#### Entries supplied:
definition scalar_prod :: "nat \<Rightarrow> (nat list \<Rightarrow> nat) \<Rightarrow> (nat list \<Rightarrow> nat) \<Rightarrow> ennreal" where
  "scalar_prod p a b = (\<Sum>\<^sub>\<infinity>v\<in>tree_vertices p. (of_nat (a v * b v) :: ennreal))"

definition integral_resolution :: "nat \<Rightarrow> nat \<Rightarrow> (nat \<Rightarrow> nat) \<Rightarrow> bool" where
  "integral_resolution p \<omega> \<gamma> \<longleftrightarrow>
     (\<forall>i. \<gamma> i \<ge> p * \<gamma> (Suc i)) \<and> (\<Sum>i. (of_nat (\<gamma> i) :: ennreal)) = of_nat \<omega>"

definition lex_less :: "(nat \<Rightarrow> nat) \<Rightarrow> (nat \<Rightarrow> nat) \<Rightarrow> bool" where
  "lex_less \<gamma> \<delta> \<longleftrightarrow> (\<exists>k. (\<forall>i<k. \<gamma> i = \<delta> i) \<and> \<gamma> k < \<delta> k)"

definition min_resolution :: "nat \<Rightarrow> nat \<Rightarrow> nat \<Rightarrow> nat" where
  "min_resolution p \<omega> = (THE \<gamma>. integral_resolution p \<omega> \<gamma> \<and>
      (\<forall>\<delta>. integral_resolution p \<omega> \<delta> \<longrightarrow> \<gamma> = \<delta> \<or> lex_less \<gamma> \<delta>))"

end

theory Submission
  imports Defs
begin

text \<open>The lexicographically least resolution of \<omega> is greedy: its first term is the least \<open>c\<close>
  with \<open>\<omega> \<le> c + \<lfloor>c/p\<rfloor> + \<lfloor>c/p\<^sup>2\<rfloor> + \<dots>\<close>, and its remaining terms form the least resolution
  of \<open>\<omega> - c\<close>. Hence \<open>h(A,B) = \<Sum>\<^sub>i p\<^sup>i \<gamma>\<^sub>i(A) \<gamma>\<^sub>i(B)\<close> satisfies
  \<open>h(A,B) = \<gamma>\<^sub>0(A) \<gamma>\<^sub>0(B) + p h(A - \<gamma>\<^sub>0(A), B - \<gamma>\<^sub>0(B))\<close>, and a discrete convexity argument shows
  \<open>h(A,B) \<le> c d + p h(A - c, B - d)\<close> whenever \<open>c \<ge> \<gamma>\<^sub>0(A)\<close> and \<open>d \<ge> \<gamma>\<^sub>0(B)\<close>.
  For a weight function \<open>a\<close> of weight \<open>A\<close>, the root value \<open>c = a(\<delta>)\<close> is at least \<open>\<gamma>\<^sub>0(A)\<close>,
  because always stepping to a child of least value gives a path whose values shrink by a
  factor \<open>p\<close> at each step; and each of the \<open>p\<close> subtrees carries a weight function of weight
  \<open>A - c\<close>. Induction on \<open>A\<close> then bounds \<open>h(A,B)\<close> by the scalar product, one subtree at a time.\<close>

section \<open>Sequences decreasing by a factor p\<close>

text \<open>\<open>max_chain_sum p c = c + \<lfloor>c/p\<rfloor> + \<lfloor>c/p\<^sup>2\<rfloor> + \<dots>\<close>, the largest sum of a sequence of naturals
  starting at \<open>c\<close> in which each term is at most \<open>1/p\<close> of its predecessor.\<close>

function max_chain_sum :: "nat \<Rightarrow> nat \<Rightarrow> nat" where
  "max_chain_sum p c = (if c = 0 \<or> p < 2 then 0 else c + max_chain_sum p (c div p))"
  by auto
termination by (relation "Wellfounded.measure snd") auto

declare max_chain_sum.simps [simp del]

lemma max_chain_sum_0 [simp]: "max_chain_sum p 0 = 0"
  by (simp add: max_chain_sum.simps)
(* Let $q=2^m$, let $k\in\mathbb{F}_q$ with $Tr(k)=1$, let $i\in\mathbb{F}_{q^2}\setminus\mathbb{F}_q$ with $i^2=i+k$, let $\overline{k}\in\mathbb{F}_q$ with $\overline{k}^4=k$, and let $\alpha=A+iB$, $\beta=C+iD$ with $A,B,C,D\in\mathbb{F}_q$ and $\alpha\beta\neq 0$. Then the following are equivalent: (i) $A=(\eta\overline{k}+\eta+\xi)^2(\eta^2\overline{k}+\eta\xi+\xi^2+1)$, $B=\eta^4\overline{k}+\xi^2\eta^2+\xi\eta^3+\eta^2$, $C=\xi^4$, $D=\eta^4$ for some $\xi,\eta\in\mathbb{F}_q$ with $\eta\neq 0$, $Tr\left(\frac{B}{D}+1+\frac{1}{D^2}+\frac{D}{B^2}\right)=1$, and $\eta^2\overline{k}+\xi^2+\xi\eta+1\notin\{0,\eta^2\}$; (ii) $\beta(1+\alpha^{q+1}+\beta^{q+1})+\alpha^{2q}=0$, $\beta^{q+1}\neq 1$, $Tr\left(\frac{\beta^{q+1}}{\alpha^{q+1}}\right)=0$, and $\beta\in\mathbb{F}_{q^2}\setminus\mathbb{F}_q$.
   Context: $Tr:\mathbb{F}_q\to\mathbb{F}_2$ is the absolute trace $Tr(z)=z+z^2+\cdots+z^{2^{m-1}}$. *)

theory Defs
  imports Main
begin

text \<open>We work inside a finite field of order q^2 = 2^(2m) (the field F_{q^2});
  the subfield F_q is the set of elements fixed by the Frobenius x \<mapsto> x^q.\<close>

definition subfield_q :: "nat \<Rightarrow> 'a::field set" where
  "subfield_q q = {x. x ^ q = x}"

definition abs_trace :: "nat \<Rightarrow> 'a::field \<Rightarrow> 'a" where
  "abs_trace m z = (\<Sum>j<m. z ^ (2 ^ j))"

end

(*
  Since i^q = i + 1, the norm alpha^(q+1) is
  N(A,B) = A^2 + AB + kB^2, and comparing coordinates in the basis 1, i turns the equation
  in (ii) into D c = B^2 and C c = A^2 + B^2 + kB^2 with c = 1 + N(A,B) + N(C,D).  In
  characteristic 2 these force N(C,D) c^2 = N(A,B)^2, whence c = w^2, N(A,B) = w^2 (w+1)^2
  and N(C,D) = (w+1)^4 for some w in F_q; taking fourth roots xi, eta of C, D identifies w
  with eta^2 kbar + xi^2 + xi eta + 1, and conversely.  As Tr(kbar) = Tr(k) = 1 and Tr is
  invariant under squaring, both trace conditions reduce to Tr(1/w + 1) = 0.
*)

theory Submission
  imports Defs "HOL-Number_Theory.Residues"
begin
--
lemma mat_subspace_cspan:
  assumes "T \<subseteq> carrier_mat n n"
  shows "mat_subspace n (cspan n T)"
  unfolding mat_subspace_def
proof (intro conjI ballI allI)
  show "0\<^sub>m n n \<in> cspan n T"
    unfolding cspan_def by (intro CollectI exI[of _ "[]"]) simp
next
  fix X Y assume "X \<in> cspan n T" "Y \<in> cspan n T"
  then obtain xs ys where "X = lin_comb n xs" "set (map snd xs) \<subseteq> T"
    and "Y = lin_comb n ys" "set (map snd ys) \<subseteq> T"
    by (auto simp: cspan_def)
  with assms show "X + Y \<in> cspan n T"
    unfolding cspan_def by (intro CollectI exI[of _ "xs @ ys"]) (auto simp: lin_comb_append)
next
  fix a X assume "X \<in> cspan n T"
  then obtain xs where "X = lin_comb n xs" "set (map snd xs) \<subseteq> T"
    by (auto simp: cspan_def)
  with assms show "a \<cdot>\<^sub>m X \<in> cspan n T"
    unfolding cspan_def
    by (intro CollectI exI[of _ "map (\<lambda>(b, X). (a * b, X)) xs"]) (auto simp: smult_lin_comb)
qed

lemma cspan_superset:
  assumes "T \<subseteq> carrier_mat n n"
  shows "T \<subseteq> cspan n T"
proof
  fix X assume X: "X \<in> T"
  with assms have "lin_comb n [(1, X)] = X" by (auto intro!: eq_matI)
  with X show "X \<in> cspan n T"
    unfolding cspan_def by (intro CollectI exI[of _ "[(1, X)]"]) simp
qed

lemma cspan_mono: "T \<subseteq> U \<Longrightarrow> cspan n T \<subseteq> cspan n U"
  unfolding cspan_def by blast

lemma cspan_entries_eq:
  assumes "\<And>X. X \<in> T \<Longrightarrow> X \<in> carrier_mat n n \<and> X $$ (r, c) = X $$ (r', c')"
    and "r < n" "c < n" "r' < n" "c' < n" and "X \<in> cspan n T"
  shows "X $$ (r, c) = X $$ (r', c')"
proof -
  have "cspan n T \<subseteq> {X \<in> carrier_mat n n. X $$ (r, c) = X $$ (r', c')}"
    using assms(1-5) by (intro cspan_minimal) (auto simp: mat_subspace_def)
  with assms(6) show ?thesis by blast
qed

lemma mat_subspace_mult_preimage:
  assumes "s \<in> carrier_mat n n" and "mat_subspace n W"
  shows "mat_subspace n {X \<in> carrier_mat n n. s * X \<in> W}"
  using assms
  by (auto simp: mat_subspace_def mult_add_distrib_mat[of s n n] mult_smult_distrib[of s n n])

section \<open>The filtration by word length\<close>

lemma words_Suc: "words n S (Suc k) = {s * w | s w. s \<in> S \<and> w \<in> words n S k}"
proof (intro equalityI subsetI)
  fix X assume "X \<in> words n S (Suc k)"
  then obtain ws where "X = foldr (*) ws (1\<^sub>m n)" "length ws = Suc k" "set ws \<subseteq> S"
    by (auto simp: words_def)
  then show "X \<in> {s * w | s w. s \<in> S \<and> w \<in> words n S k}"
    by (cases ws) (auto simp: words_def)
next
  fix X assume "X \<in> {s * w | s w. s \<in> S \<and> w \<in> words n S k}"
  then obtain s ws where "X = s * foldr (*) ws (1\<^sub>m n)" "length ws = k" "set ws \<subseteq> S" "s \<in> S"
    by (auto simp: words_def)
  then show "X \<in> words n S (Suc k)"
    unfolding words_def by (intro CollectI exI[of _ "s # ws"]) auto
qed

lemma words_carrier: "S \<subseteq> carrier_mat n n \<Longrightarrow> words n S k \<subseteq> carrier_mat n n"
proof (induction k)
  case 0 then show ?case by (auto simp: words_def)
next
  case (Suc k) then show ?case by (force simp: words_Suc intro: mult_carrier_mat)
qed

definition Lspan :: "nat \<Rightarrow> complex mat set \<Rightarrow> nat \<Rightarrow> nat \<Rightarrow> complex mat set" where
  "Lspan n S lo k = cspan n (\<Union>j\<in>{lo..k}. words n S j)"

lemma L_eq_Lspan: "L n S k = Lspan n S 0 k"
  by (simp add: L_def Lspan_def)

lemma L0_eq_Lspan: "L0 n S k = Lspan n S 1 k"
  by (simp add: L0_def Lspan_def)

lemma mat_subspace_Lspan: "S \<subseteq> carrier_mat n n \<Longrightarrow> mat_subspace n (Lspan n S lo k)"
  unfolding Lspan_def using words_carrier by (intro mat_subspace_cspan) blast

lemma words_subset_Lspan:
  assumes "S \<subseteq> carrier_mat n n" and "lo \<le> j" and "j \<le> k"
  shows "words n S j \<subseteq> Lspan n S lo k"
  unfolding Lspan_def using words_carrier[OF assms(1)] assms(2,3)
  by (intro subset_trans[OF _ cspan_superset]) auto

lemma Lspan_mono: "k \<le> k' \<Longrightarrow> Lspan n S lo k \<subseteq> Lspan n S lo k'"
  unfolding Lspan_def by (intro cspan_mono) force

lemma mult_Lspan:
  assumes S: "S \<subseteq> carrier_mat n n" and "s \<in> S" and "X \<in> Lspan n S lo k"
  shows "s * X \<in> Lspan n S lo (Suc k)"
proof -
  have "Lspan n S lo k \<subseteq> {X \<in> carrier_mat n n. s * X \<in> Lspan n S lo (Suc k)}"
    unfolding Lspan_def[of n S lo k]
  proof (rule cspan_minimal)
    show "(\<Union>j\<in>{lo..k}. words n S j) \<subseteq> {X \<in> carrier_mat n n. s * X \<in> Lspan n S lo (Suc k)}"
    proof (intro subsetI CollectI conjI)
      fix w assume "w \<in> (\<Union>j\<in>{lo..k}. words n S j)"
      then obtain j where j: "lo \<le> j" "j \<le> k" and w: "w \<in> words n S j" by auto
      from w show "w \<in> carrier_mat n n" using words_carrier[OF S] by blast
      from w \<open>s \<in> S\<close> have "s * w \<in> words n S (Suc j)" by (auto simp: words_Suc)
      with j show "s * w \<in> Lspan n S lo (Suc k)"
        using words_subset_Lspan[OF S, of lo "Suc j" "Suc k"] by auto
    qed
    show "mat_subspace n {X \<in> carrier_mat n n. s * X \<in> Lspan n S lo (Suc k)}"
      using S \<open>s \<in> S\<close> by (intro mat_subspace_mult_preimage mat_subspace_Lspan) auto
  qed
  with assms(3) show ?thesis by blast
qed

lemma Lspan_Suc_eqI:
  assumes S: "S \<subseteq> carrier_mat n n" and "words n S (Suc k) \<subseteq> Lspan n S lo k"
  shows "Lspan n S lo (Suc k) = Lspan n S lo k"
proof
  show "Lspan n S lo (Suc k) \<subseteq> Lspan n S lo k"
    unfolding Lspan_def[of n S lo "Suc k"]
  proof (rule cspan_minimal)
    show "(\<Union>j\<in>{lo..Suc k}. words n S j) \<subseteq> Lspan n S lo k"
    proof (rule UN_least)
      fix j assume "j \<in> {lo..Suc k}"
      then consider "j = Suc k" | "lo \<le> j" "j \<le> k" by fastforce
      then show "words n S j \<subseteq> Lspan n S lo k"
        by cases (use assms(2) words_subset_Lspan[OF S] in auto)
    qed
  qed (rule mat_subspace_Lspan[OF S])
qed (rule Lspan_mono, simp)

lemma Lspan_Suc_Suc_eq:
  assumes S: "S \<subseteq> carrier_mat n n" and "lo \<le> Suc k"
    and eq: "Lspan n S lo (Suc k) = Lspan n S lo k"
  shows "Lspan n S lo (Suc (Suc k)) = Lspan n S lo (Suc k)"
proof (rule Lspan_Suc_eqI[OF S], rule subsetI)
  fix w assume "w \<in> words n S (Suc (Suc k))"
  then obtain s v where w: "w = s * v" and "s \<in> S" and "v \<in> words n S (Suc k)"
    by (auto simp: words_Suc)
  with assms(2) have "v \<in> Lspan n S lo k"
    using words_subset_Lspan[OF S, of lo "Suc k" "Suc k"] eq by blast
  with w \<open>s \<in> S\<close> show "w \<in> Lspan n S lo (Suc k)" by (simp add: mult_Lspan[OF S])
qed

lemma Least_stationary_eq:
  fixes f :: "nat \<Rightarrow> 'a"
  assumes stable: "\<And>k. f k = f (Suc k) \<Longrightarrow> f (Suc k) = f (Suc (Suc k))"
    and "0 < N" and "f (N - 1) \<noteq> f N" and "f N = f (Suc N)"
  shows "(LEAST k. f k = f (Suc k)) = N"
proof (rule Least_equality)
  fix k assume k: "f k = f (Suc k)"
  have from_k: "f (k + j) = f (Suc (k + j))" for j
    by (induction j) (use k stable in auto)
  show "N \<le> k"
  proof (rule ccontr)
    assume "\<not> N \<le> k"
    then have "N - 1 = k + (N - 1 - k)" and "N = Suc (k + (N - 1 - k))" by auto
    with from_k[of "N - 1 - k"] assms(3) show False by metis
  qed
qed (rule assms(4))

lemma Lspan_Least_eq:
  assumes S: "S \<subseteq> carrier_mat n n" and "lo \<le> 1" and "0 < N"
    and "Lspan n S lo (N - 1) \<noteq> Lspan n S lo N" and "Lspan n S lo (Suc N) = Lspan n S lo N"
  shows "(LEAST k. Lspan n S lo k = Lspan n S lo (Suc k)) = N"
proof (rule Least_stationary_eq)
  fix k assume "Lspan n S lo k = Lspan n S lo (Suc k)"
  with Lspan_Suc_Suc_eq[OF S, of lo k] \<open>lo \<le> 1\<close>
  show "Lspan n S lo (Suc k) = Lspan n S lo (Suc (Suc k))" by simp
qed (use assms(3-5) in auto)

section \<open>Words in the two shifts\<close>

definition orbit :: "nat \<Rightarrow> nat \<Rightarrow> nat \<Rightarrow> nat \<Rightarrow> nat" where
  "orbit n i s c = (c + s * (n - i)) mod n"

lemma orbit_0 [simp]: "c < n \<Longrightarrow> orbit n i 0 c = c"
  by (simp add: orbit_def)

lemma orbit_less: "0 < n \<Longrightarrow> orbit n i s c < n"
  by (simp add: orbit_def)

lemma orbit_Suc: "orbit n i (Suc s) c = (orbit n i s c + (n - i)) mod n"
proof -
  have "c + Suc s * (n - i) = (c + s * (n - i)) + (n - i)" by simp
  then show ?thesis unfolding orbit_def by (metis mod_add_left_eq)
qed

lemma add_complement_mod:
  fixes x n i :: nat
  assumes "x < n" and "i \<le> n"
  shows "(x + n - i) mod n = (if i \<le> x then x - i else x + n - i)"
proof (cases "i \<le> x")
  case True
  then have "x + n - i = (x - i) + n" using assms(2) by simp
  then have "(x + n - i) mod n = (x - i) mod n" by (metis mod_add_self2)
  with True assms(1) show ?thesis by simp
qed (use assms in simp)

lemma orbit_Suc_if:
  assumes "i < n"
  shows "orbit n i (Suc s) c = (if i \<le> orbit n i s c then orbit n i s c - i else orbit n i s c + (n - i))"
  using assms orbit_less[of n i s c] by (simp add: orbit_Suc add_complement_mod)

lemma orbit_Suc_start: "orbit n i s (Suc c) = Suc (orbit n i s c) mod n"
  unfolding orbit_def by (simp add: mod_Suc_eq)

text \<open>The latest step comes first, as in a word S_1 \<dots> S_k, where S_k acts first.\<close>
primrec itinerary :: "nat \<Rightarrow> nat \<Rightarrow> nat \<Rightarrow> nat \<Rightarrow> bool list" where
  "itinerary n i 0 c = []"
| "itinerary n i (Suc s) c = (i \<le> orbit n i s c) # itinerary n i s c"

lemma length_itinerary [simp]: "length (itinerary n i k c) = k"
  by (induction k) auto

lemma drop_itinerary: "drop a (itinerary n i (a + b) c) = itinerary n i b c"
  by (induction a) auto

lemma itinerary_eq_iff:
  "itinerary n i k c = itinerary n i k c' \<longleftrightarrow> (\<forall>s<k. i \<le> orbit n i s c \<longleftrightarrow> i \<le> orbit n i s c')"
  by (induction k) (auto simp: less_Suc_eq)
...
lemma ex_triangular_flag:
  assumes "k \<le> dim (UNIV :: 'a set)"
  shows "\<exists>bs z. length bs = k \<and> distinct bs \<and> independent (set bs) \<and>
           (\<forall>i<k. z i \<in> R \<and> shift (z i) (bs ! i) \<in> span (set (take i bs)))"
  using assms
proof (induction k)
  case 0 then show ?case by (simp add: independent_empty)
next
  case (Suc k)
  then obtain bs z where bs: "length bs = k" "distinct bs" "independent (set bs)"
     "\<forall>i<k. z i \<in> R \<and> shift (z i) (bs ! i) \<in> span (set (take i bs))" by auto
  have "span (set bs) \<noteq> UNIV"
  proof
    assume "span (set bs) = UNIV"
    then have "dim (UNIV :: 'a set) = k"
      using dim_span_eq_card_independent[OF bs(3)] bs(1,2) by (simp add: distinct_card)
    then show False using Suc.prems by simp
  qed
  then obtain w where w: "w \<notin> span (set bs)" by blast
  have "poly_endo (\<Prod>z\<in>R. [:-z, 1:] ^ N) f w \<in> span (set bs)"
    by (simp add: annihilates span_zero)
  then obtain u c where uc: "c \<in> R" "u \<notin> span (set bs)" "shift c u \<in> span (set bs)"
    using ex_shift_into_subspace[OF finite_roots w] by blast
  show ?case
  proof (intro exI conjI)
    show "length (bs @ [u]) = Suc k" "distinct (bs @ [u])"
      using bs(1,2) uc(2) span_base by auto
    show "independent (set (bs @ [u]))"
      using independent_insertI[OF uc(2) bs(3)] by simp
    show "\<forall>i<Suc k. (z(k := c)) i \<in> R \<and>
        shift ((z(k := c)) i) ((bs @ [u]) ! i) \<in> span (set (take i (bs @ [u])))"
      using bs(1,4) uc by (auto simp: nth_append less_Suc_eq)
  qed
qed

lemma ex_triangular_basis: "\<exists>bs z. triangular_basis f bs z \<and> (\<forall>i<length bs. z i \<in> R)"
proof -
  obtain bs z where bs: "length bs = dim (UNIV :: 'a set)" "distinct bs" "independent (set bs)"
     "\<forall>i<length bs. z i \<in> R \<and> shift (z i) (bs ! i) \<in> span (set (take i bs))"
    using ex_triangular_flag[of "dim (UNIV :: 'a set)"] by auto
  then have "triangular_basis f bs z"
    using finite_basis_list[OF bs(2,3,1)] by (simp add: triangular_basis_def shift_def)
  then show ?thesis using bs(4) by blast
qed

#### Assigned task:
Pull out all lines containing the word "omega" from the entries above.

#### Completed task:
  "integral_resolution p \<omega> \<gamma> \<longleftrightarrow>
     (\<forall>i. \<gamma> i \<ge> p * \<gamma> (Suc i)) \<and> (\<Sum>i. (of_nat (\<gamma> i) :: ennreal)) = of_nat \<omega>"
  "min_resolution p \<omega> = (THE \<gamma>. integral_resolution p \<omega> \<gamma> \<and>
      (\<forall>\<delta>. integral_resolution p \<omega> \<delta> \<longrightarrow> \<gamma> = \<delta> \<or> lex_less \<gamma> \<delta>))"
text \<open>The lexicographically least resolution of \<omega> is greedy: its first term is the least \<open>c\<close>
  with \<open>\<omega> \<le> c + \<lfloor>c/p\<rfloor> + \<lfloor>c/p\<^sup>2\<rfloor> + \<dots>\<close>, and its remaining terms form the least resolution
  of \<open>\<omega> - c\<close>. Hence \<open>h(A,B) = \<Sum>\<^sub>i p\<^sup>i \<gamma>\<^sub>i(A) \<gamma>\<^sub>i(B)\<close> satisfies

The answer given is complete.